30:31 Okay. Yeah. So that's basically Bayesian inference, right? I know how likely a fire is. I have all

30:37 of a sudden, I have this piece of data that now there is a fire. I have a set, a space of hypotheses

30:43 that could apply, try to figure out which hypothesis, start testing and figure out which one is the right

30:50 one. Maybe. Yeah. So you take your prior. So let's say there's like a, I don't know, one in 10,

30:56 a hundred thousand chance that there's a fire in the building today and a 99,999 chance there isn't.

31:03 Then you take that, that's your prior. Then you multiply it by your likelihood, which is okay.

31:10 What is the likelihood of seeing the data given that the hypothesis is true? So what's the likelihood

31:17 that the alarm would go off if there is a fire? Maybe that's pretty high. Maybe that's close to one

31:21 or a little bit lower than one. And then on the second hypothesis that there's no fire,

31:26 what's the likelihood of a false alarm today, which could actually be pretty high. Could be like one

31:32 in a thousand or even one in a hundred in some buildings. And then you multiply those together and

31:36 then you get an unnormalized posterior and that is your answer. So it's really just multiplication.

31:40 Yeah. It's like simple fractions once you have all the pieces, right? So it's a pretty simple

31:45 algorithm. It's very hard to describe through audio, but it's much better visually if you want to check it

31:51 out. I've been struggling to describe it through audio for, you know, for the last year and a half,

31:55 but I do the best I can.

31:57 This is like describing code. You can only take it so precisely.

32:00 Yeah.

32:00 This portion of Talk Python To Me is brought to you by Tidelift. Tidelift is the first managed

32:07 open source subscription, giving you commercial support and maintenance for the open source

32:12 dependencies you use to build your applications. And with Tidelift, you not only get more dependable

32:17 software, but you pay the maintainers of the exact packages you're using, which means your software

32:22 will keep getting better. The Tidelift subscription covers millions of open source projects across

32:27 Python, JavaScript, Java, PHP, Ruby, .NET, and more. And the subscription includes security updates,

32:33 licensing, verification, and indemnification, maintenance and code improvements, package selection,

32:38 and version guidance, roadmap input, and tooling and cloud integration. The bottom line is you get the

32:44 capabilities you'd expect and require from commercial software. But now for all the key open source

32:50 software you depend upon. Just visit talkpython.fm/Tidelift to get started today.

32:56 This comes from a reverend, Reverend Bays, who came up with this idea in the 1700s, but for a long time,

33:07 it wasn't really respected, right? And then it actually found some pretty powerful,

33:12 it solved some pretty powerful problems that matters a lot to people recently.

33:17 Yeah.

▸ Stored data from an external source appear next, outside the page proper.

lemma labs_leI: "(x::'a::banach_lattice) \<le> u \<Longrightarrow> - x \<le> u \<Longrightarrow> labs x \<le> u"
  by (simp add: labs_def)

lemma labs_nonneg: "0 \<le> labs (x::'a::banach_lattice)"
  using labs_ge[of x] by (metis add_mono add.right_inverse zero_le_double_add_iff_zero_le_single_add)

lemma labs_of_nonneg: "0 \<le> (x::'a::banach_lattice) \<Longrightarrow> labs x = x"
  unfolding labs_def by (rule sup_absorb1) (meson order_trans neg_le_0_iff_le)

lemma labs_minus: "labs (- (x::'a::banach_lattice)) = labs x"
  by (simp add: labs_def sup_commute)

lemma labs_le_iff: "labs (y::'a::banach_lattice) \<le> labs z \<longleftrightarrow> - labs z \<le> y \<and> y \<le> labs z"
  using labs_ge[of y] by (auto intro: labs_leI order_trans simp: minus_le_iff)

lemma labs_triangle: "labs ((x::'a::banach_lattice) + y) \<le> labs x + labs y"
proof (rule labs_leI)
  show "x + y \<le> labs x + labs y" by (intro add_mono labs_ge)
  have "- x + - y \<le> labs x + labs y" by (intro add_mono labs_ge)
  then show "- (x + y) \<le> labs x + labs y" by simp
qed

I mean, I can't go through the whole, do the whole history justice in just a few minutes, but

33:22 I'll try to give my highlights, which was this reverend who was sort of, he was a, you know,

33:28 he was into theology and he was also into mathematics. So he was probably like pondering big questions and

33:34 he wrote down notes and he was trying to figure out the validity of various arguments.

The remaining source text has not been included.